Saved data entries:
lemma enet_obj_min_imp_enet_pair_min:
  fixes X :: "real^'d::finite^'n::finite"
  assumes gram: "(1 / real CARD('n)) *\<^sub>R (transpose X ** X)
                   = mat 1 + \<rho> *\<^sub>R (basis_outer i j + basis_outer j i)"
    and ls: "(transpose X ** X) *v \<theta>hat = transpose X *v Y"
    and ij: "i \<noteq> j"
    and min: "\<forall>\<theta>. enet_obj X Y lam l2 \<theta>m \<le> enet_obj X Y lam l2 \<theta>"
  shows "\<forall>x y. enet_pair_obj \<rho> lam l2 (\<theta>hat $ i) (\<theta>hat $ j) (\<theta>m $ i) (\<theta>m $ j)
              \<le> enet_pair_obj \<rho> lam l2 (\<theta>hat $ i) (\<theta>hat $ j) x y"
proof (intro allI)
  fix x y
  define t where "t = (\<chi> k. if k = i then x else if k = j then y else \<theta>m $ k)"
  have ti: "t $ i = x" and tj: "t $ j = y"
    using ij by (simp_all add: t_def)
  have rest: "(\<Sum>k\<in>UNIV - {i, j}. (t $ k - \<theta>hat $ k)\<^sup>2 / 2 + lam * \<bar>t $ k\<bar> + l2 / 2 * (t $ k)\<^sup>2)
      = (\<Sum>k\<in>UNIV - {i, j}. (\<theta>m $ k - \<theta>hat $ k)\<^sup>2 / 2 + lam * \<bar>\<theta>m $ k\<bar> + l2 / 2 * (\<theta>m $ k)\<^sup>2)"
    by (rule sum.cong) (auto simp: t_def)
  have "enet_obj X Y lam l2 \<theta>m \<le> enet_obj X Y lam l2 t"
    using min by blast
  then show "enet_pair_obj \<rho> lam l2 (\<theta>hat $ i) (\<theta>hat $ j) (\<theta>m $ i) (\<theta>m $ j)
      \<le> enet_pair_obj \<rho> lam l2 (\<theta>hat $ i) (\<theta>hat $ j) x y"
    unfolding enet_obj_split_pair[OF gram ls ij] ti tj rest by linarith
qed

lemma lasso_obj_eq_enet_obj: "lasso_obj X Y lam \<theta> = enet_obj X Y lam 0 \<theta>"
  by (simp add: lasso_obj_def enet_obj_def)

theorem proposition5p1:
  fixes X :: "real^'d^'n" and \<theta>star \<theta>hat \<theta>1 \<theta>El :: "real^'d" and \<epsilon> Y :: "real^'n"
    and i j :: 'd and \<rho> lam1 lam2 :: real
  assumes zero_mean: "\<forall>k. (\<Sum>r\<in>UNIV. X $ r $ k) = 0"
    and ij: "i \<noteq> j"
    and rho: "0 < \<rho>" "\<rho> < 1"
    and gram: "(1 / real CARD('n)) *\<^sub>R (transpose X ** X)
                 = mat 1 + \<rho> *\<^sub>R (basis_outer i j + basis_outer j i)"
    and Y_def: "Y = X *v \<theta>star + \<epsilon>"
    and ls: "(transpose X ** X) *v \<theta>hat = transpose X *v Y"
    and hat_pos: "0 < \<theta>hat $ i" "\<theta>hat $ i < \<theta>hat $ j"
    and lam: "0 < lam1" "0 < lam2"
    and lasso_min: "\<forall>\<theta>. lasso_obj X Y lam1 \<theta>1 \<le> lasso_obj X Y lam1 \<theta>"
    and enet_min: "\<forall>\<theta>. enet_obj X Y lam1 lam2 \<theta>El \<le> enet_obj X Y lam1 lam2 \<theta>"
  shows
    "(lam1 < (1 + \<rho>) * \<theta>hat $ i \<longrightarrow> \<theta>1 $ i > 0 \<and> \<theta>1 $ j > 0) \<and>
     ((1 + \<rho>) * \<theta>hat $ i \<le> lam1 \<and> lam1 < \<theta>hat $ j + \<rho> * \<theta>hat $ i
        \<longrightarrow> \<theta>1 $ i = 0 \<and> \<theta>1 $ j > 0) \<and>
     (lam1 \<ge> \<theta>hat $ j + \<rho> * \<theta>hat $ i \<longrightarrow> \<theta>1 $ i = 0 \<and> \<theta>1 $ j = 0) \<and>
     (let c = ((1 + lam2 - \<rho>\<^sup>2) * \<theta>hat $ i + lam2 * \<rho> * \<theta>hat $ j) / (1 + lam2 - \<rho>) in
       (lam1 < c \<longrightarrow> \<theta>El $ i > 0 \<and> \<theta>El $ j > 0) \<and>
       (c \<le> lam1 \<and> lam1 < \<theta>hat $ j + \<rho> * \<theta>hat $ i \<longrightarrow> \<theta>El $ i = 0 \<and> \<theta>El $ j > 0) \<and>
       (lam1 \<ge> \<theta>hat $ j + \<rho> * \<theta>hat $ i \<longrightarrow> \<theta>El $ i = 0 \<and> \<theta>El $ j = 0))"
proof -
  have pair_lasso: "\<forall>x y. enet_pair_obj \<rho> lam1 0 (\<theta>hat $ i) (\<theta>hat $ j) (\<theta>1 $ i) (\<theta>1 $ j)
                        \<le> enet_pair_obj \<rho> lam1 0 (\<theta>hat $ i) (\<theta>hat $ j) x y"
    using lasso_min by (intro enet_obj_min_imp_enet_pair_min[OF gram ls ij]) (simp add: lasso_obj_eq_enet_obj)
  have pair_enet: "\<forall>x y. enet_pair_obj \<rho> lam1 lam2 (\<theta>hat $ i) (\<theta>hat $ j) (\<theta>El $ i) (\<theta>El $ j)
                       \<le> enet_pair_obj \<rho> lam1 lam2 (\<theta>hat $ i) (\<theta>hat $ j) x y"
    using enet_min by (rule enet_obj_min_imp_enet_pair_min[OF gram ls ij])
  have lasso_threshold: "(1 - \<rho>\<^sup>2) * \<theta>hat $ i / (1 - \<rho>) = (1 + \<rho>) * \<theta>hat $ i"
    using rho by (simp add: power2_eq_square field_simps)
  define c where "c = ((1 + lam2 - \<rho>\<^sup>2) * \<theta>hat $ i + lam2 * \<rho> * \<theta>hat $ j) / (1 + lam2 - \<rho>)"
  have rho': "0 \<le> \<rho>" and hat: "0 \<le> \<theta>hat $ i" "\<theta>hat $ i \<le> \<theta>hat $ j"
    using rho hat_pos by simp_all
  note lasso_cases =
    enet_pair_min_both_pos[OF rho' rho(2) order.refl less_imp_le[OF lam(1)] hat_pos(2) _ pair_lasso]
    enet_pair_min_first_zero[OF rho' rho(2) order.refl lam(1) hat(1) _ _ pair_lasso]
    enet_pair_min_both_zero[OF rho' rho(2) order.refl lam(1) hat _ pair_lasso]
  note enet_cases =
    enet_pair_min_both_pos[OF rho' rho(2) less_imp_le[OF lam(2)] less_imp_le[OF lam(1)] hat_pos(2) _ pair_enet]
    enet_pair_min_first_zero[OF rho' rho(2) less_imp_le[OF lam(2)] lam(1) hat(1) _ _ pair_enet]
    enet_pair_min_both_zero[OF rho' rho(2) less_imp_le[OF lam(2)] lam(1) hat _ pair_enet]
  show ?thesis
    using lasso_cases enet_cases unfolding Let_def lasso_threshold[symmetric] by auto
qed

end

_Task goal_
Write out the complete set of records exactly as given.

_Completed task_
lemma enet_obj_min_imp_enet_pair_min:
  fixes X :: "real^'d::finite^'n::finite"
  assumes gram: "(1 / real CARD('n)) *\<^sub>R (transpose X ** X)
                   = mat 1 + \<rho> *\<^sub>R (basis_outer i j + basis_outer j i)"
    and ls: "(transpose X ** X) *v \<theta>hat = transpose X *v Y"
    and ij: "i \<noteq> j"
    and min: "\<forall>\<theta>. enet_obj X Y lam l2 \<theta>m \<le> enet_obj X Y lam l2 \<theta>"
  shows "\<forall>x y. enet_pair_obj \<rho> lam l2 (\<theta>hat $ i) (\<theta>hat $ j) (\<theta>m $ i) (\<theta>m $ j)
              \<le> enet_pair_obj \<rho> lam l2 (\<theta>hat $ i) (\<theta>hat $ j) x y"
proof (intro allI)
  fix x y
  define t where "t = (\<chi> k. if k = i then x else if k = j then y else \<theta>m $ k)"
  have ti: "t $ i = x" and tj: "t $ j = y"
    using ij by (simp_all add: t_def)
  have rest: "(\<Sum>k\<in>UNIV - {i, j}. (t $ k - \<theta>hat $ k)\<^sup>2 / 2 + lam * \<bar>t $ k\<bar> + l2 / 2 * (t $ k)\<^sup>2)
      = (\<Sum>k\<in>UNIV - {i, j}. (\<theta>m $ k - \<theta>hat $ k)\<^sup>2 / 2 + lam * \<bar>\<theta>m $ k\<bar> + l2 / 2 * (\<theta>m $ k)\<^sup>2)"
    by (rule sum.cong) (auto simp: t_def)
  have "enet_obj X Y lam l2 \<theta>m \<le> enet_obj X Y lam l2 t"
    using min by blast
  then show "enet_pair_obj \<rho> lam l2 (\<theta>hat $ i) (\<theta>hat $ j) (\<theta>m $ i) (\<theta>m $ j)
      \<le> enet_pair_obj \<rho> lam l2 (\<theta>hat $ i) (\<theta>hat $ j) x y"
    unfolding enet_obj_split_pair[OF gram ls ij] ti tj rest by linarith
qed

lemma lasso_obj_eq_enet_obj: "lasso_obj X Y lam \<theta> = enet_obj X Y lam 0 \<theta>"
  by (simp add: lasso_obj_def enet_obj_def)

theorem proposition5p1:
  fixes X :: "real^'d^'n" and \<theta>star \<theta>hat \<theta>1 \<theta>El :: "real^'d" and \<epsilon> Y :: "real^'n"
    and i j :: 'd and \<rho> lam1 lam2 :: real
  assumes zero_mean: "\<forall>k. (\<Sum>r\<in>UNIV. X $ r $ k) = 0"
    and ij: "i \<noteq> j"
    and rho: "0 < \<rho>" "\<rho> < 1"
    and gram: "(1 / real CARD('n)) *\<^sub>R (transpose X ** X)
                 = mat 1 + \<rho> *\<^sub>R (basis_outer i j + basis_outer j i)"
    and Y_def: "Y = X *v \<theta>star + \<epsilon>"
    and ls: "(transpose X ** X) *v \<theta>hat = transpose X *v Y"
    and hat_pos: "0 < \<theta>hat $ i" "\<theta>hat $ i < \<theta>hat $ j"
    and lam: "0 < lam1" "0 < lam2"
    and lasso_min: "\<forall>\<theta>. lasso_obj X Y lam1 \<theta>1 \<le> lasso_obj X Y lam1 \<theta>"
    and enet_min: "\<forall>\<theta>. enet_obj X Y lam1 lam2 \<theta>El \<le> enet_obj X Y lam1 lam2 \<theta>"
  shows
    "(lam1 < (1 + \<rho>) * \<theta>hat $ i \<longrightarrow> \<theta>1 $ i > 0 \<and> \<theta>1 $ j > 0) \<and>
     ((1 + \<rho>) * \<theta>hat $ i \<le> lam1 \<and> lam1 < \<theta>hat $ j + \<rho> * \<theta>hat $ i
        \<longrightarrow> \<theta>1 $ i = 0 \<and> \<theta>1 $ j > 0) \<and>
     (lam1 \<ge> \<theta>hat $ j + \<rho> * \<theta>hat $ i \<longrightarrow> \<theta>1 $ i = 0 \<and> \<theta>1 $ j = 0) \<and>
     (let c = ((1 + lam2 - \<rho>\<^sup>2) * \<theta>hat $ i + lam2 * \<rho> * \<theta>hat $ j) / (1 + lam2 - \<rho>) in
       (lam1 < c \<longrightarrow> \<theta>El $ i > 0 \<and> \<theta>El $ j > 0) \<and>
       (c \<le> lam1 \<and> lam1 < \<theta>hat $ j + \<rho> * \<theta>hat $ i \<longrightarrow> \<theta>El $ i = 0 \<and> \<theta>El $ j > 0) \<and>
       (lam1 \<ge> \<theta>hat $ j + \<rho> * \<theta>hat $ i \<longrightarrow> \<theta>El $ i = 0 \<and> \<theta>El $ j = 0))"
proof -
  have pair_lasso: "\<forall>x y. enet_pair_obj \<rho> lam1 0 (\<theta>hat $ i) (\<theta>hat $ j) (\<theta>1 $ i) (\<theta>1 $ j)
                        \<le> enet_pair_obj \<rho> lam1 0 (\<theta>hat $ i) (\<theta>hat $ j) x y"
    using lasso_min by (intro enet_obj_min_imp_enet_pair_min[OF gram ls ij]) (simp add: lasso_obj_eq_enet_obj)
  have pair_enet: "\<forall>x y. enet_pair_obj \<rho> lam1 lam2 (\<theta>hat $ i) (\<theta>hat $ j) (\<theta>El $ i) (\<theta>El $ j)
                       \<le> enet_pair_obj \<rho> lam1 lam2 (\<theta>hat $ i) (\<theta>hat $ j) x y"
    using enet_min by (rule enet_obj_min_imp_enet_pair_min[OF gram ls ij])
  have lasso_threshold: "(1 - \<rho>\<^sup>2) * \<theta>hat $ i / (1 - \<rho>) = (1 + \<rho>) * \<theta>hat $ i"
    using rho by (simp add: power2_eq_square field_simps)
  define c where "c = ((1 + lam2 - \<rho>\<^sup>2) * \<theta>hat $ i + lam2 * \<rho> * \<theta>hat $ j) / (1 + lam2 - \<rho>)"
  have rho': "0 \<le> \<rho>" and hat: "0 \<le> \<theta>hat $ i" "\<theta>hat $ i \<le> \<theta>hat $ j"
    using rho hat_pos by simp_all
  note lasso_cases =
    enet_pair_min_both_pos[OF rho' rho(2) order.refl less_imp_le[OF lam(1)] hat_pos(2) _ pair_lasso]
    enet_pair_min_first_zero[OF rho' rho(2) order.refl lam(1) hat(1) _ _ pair_lasso]
    enet_pair_min_both_zero[OF rho' rho(2) order.refl lam(1) hat _ pair_lasso]
  note enet_cases =
    enet_pair_min_both_pos[OF rho' rho(2) less_imp_le[OF lam(2)] less_imp_le[OF lam(1)] hat_pos(2) _ pair_enet]
    enet_pair_min_first_zero[OF rho' rho(2) less_imp_le[OF lam(2)] lam(1) hat(1) _ _ pair_enet]
    enet_pair_min_both_zero[OF rho' rho(2) less_imp_le[OF lam(2)] lam(1) hat _ pair_enet]
  show ?thesis
    using lasso_cases enet_cases unfolding Let_def lasso_threshold[symmetric] by auto
qed

end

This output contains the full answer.